Search code examples
rstatistics-bootstrap

Custom bootstrap confidence intervals in R


I need to find a way for getting the bootstrap confidence intervals on the estimate I obtain with a custom function. Now, the problem is that I have one big matrix from which I take rows out at random and then calculate the quantity needed.

Here is (hopefully) reproducible example

Generate similar random data:

mat1 <- matrix(rnorm(300, 80, 20), nrow = 100)

Function to calculate the desired quantity (where R is correlation matrix):

IIvar <- function(R) { 
d <- eigen(R)$values  
p <- length(d)  
sum((d-1)^2)/(p*(p-1))}

My function that attempts the solution (where omat is the smaller matrix that consists of some mat1 rows, freq is the number of rows in omat, and numR is the number of replicates):

ciint <- function(omat, mat1, freq, numR) {
II <- IIvar(cor(omat))
n <- dim(mat1)[1]
b <- numeric(numR)
for (i in 1:numR) { b[i] <- IIvar(cor(mat1[sample(c(1:n),freq),]))}
hist(b)
abline(v = II, lty = 5, lwd = 3)
return(b) }

The resultant vector b has all the values obtained from matrices of randomly chosen rows (number determined by freq) from mat1 which can be compared with IIvar from omat (the matrix with rows chosen by population membership).
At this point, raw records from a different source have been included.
(* Let $\Delta>\delta\geq 0$ be integers and let $\delta^*$ be a maximizer of $\frac{\Delta(\Delta-i)i}{\Delta+i}$ over $i\in\{\delta,\delta+1,\ldots,\Delta\}$. Let $G$ be a graph with $n$ vertices, maximum degree at most $\Delta$, and minimum degree at least $\delta$. Then $$irr(G)\leq \frac{\Delta(\Delta-\delta^* )\delta^*}{\Delta+\delta^*}\,n.$$
   Context: All graphs are finite, simple and undirected. For a graph $G$ with edge set $E(G)$ and vertex degrees $d_G(u)$, the irregularity (in the sense of Albertson) is $irr(G)=\sum_{uv\in E(G)}|d_G(u)-d_G(v)|$. *)

theory Defs
  imports Complex_Main
begin

definition simple_graph :: "'a set \<Rightarrow> ('a \<Rightarrow> 'a \<Rightarrow> bool) \<Rightarrow> bool" where
  "simple_graph V E \<longleftrightarrow> finite V \<and> (\<forall>u v. E u v \<longrightarrow> E v u)
     \<and> (\<forall>u. \<not> E u u) \<and> (\<forall>u v. E u v \<longrightarrow> u \<in> V \<and> v \<in> V)"

definition degree :: "'a set \<Rightarrow> ('a \<Rightarrow> 'a \<Rightarrow> bool) \<Rightarrow> 'a \<Rightarrow> nat" where
  "degree V E u = card {v \<in> V. E u v}"

definition edges :: "'a set \<Rightarrow> ('a \<Rightarrow> 'a \<Rightarrow> bool) \<Rightarrow> 'a set set" where
  "edges V E = {{u, v} | u v. u \<in> V \<and> v \<in> V \<and> E u v}"

text \<open>Albertson irregularity: sum over edges uv of |d(u) - d(v)|. For an edge e = {u,v},
  |d(u) - d(v)| = max of d on e minus min of d on e.\<close>
definition irr :: "'a set \<Rightarrow> ('a \<Rightarrow> 'a \<Rightarrow> bool) \<Rightarrow> real" where
  "irr V E = (\<Sum>e\<in>edges V E. real (Max (degree V E ` e)) - real (Min (degree V E ` e)))"

definition irr_bound_fun :: "nat \<Rightarrow> nat \<Rightarrow> real" where
  "irr_bound_fun \<Delta> i = real \<Delta> * (real \<Delta> - real i) * real i / (real \<Delta> + real i)"

end

theory Submission
  imports Defs
begin

text \<open>Split each summand of the irregularity as
  \<open>|d(u) - d(v)| = |d(u) - d(v)| d(v)/(d(u)+d(v)) + |d(u) - d(v)| d(u)/(d(u)+d(v))\<close>
  and charge the first part to \<open>u\<close>, the second to \<open>v\<close>. Vertex \<open>u\<close> is charged
  \<open>d(u)\<close> times, each time at most \<open>f(min(d(u), d(v)))/d(u)\<close> with
  \<open>f(i) = \<Delta>(\<Delta> - i) i/(\<Delta> + i)\<close>, because \<open>b(b - a)/(a + b)\<close> increases in \<open>b\<close>.
  Hence every vertex carries a total charge of at most \<open>f(\<delta>*)\<close>.\<close>

lemma diff_mult_div_add_mono:
  fixes a b c :: "'a :: linordered_field"
  assumes "0 \<le> a" "a \<le> b" "b \<le> c" "0 < a + b"
  shows "(b - a) * b / (a + b) \<le> (c - a) * c / (a + c)"
proof -
  have "(c - a) * c * (a + b) - (b - a) * b * (a + c) = (c - b) * ((a + b) * c + a * (b - a))"
    by (simp add: algebra_simps)
  moreover have "0 \<le> (c - b) * ((a + b) * c + a * (b - a))"
    using assms by (auto intro!: mult_nonneg_nonneg add_nonneg_nonneg)
  ultimately have "(b - a) * b * (a + c) \<le> (c - a) * c * (a + b)"
    by (simp add: algebra_simps)
  moreover have "0 < a + c" using assms by linarith
  ultimately show ?thesis using assms by (simp add: divide_simps mult.commute)
qed

lemma mult_abs_diff_div_le_irr_bound_fun:
  assumes "x \<le> \<Delta>" "y \<le> \<Delta>"
  shows "real x * real y * \<bar>real x - real y\<bar> / (real x + real y) \<le> irr_bound_fun \<Delta> (min x y)"
proof -
  define a b where "a = real (min x y)" and "b = real (max x y)"
  have ab: "0 \<le> a" "a \<le> b" "b \<le> real \<Delta>" using assms by (auto simp: a_def b_def)
  have lhs: "real x * real y * \<bar>real x - real y\<bar> / (real x + real y) = a * ((b - a) * b / (a + b))"
    by (cases "x \<le> y") (auto simp: a_def b_def algebra_simps)
  show ?thesis
  proof (cases "a + b = 0")
    case True
    then have "x = 0" "y = 0" using ab by (auto simp: a_def b_def)
    then show ?thesis by (simp add: irr_bound_fun_def)
  next
    case False
    have "(b - a) * b / (a + b) \<le> (real \<Delta> - a) * real \<Delta> / (a + real \<Delta>)"
      using ab False by (intro diff_mult_div_add_mono) auto
    then have "a * ((b - a) * b / (a + b)) \<le> a * ((real \<Delta> - a) * real \<Delta> / (a + real \<Delta>))"
      using ab by (intro mult_left_mono) auto
    also have "\<dots> = irr_bound_fun \<Delta> (min x y)"
      by (simp add: irr_bound_fun_def a_def mult_ac add_ac)
    finally show ?thesis by (simp only: lhs)
  qed
qed

definition irr_share :: "nat \<Rightarrow> nat \<Rightarrow> real" where
  "irr_share x y = \<bar>real x - real y\<bar> * real y / (real x + real y)"

lemma irr_share_add_swap: "irr_share x y + irr_share y x = \<bar>real x - real y\<bar>"
proof (cases "x = y")
  case False
  then have "real x + real y \<noteq> 0" by linarith
  then have "(real x + real y) * \<bar>real x - real y\<bar> / (real x + real y) = \<bar>real x - real y\<bar>"
    by simp
  then show ?thesis
    unfolding irr_share_def
    by (simp add: abs_minus_commute add_divide_distrib[symmetric] algebra_simps)
qed (simp add: irr_share_def)

lemma mult_irr_share_le:
  assumes "x \<in> {\<delta>..\<Delta>}" "y \<in> {\<delta>..\<Delta>}"
    and max: "\<forall>i \<in> {\<delta>..\<Delta>}. irr_bound_fun \<Delta> i \<le> M"
  shows "real x * irr_share x y \<le> M"
proof -
  have "real x * irr_share x y = real x * real y * \<bar>real x - real y\<bar> / (real x + real y)"
    by (simp add: irr_share_def)
  also have "\<dots> \<le> irr_bound_fun \<Delta> (min x y)"
    using assms by (intro mult_abs_diff_div_le_irr_bound_fun) auto
  also have "\<dots> \<le> M"
    using assms by (intro max[rule_format]) (auto simp: min_def)
  finally show ?thesis .
qed

lemma sum_edges_eq_sum_neighbours:
  fixes F :: "'a set \<Rightarrow> 'b :: comm_monoid_add"
  assumes G: "simple_graph V E"
    and split: "\<And>u v. E u v \<Longrightarrow> F {u, v} = g u v + g v u"
  shows "(\<Sum>e\<in>edges V E. F e) = (\<Sum>u\<in>V. \<Sum>v\<in>{v \<in> V. E u v}. g u v)"
proof -
  define A where "A = Sigma V (\<lambda>u. {v \<in> V. E u v})"
  have fin: "finite V" and sym: "\<And>u v. E u v \<Longrightarrow> E v u" and loopless: "\<And>u. \<not> E u u"
    and inV: "\<And>u v. E u v \<Longrightarrow> u \<in> V \<and> v \<in> V"
    using G unfolding simple_graph_def by auto
  have "finite A" using fin by (simp add: A_def)
  have edges_eq: "edges V E = (\<lambda>(u, v). {u, v}) ` A"
    unfolding edges_def A_def by auto
  have fibre: "{p \<in> A. (\<lambda>(u, v). {u, v}) p = {u, v}} = {(u, v), (v, u)}" if "E u v" for u v
    using that sym inV unfolding A_def by (auto simp: doubleton_eq_iff)
  have "(\<Sum>(u, v)\<in>A. g u v)
      = (\<Sum>e\<in>edges V E. \<Sum>p\<in>{p \<in> A. (\<lambda>(u, v). {u, v}) p = e}. case p of (u, v) \<Rightarrow> g u v)"
    unfolding edges_eq using \<open>finite A\<close> by (rule sum.image_gen)
  also have "\<dots> = (\<Sum>e\<in>edges V E. F e)"
  proof (rule sum.cong[OF refl])
    fix e assume "e \<in> edges V E"
    then obtain u v where "E u v" "e = {u, v}" unfolding edges_def by auto
    moreover have "(u, v) \<noteq> (v, u)" using \<open>E u v\<close> loopless by auto
    ultimately show "(\<Sum>p\<in>{p \<in> A. (\<lambda>(u, v). {u, v}) p = e}. case p of (u, v) \<Rightarrow> g u v) = F e"
      by (simp add: fibre split)
  qed
  finally show ?thesis
    unfolding A_def using fin by (simp add: sum.Sigma)
qed

lemma irr_eq_sum_irr_share:
  assumes "simple_graph V E"
  shows "irr V E = (\<Sum>u\<in>V. \<Sum>v\<in>{v \<in> V. E u v}. irr_share (degree V E u) (degree V E v))"
  unfolding irr_def
proof (rule sum_edges_eq_sum_neighbours[OF assms])
  fix u v
  show "real (Max (degree V E ` {u, v})) - real (Min (degree V E ` {u, v}))
      = irr_share (degree V E u) (degree V E v) + irr_share (degree V E v) (degree V E u)"
    by (cases "degree V E u \<le> degree V E v") (auto simp: irr_share_add_swap max_def min_def)
qed

lemma sum_irr_share_le:
  assumes "simple_graph V E" "u \<in> V"
    and degrees: "\<forall>v \<in> V. degree V E v \<in> {\<delta>..\<Delta>}"
    and max: "\<forall>i \<in> {\<delta>..\<Delta>}. irr_bound_fun \<Delta> i \<le> M" and "0 \<le> M"
  shows "(\<Sum>v\<in>{v \<in> V. E u v}. irr_share (degree V E u) (degree V E v)) \<le> M"
proof (cases "degree V E u = 0")
  case True
  then have no_neighbours: "{v \<in> V. E u v} = {}"
    using assms(1) by (auto simp: degree_def simple_graph_def)
  show ?thesis using \<open>0 \<le> M\<close> by (simp only: no_neighbours sum.empty)
next
  case False
  have "(\<Sum>v\<in>{v \<in> V. E u v}. irr_share (degree V E u) (degree V E v))
      \<le> of_nat (card {v \<in> V. E u v}) * (M / real (degree V E u))"
  proof (rule sum_bounded_above)
    fix v assume "v \<in> {v \<in> V. E u v}"
    then have "real (degree V E u) * irr_share (degree V E u) (degree V E v) \<le> M"
      using assms by (intro mult_irr_share_le[OF _ _ max]) auto
    then show "irr_share (degree V E u) (degree V E v) \<le> M / real (degree V E u)"
      using False by (simp add: field_simps mult.commute)
  qed
  also have "\<dots> = M" using False by (simp add: degree_def)
  finally show ?thesis .
qed

theorem proposition1:
  fixes V :: "'a set" and E :: "'a \<Rightarrow> 'a \<Rightarrow> bool" and \<Delta> \<delta> \<delta>s :: nat
  assumes "\<delta> < \<Delta>"
    and "\<delta>s \<in> {\<delta>..\<Delta>}"
    and "\<forall>i \<in> {\<delta>..\<Delta>}. irr_bound_fun \<Delta> i \<le> irr_bound_fun \<Delta> \<delta>s"
    and "simple_graph V E"
    and "\<forall>v \<in> V. degree V E v \<le> \<Delta>"
    and "\<forall>v \<in> V. \<delta> \<le> degree V E v"
  shows "irr V E \<le> irr_bound_fun \<Delta> \<delta>s * real (card V)"
proof -
  have "0 \<le> irr_bound_fun \<Delta> \<delta>s"
    using assms(2) by (auto simp: irr_bound_fun_def)
  moreover have "\<forall>v \<in> V. degree V E v \<in> {\<delta>..\<Delta>}"
    using assms(5,6) by auto
  ultimately have "irr V E \<le> (\<Sum>u\<in>V. irr_bound_fun \<Delta> \<delta>s)"
    unfolding irr_eq_sum_irr_share[OF assms(4)]
    by (intro sum_mono sum_irr_share_le[OF assms(4) _ _ assms(3)]) auto
  then show ?thesis by (simp add: mult.commute)
qed

end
In mat1 I have i.e. 5 populations (grouping by rows) and I need to calculate IIvar for all of them separetely and to generate confidence intervals for the obtained value.

When I run my ciint function like this

ciint(omat, mat1, 61, 1000)

I get the distribution of values, and the position of the "real" IIvar value, but I have no idea how to generate 95% intervals from this point.


Solution

  • All you need is an interval that contains 95% of the generated b values. You can the highest posterior density from bayesian estimation, it's just that. There are many packages that compute it, for instance, function emp.hpd from TeachingDemos. Add

    require(TeachingDemos)
    

    and change the last line (return(b)) from ciint to

    emp.hpd(b)
    

    (No need to use return().)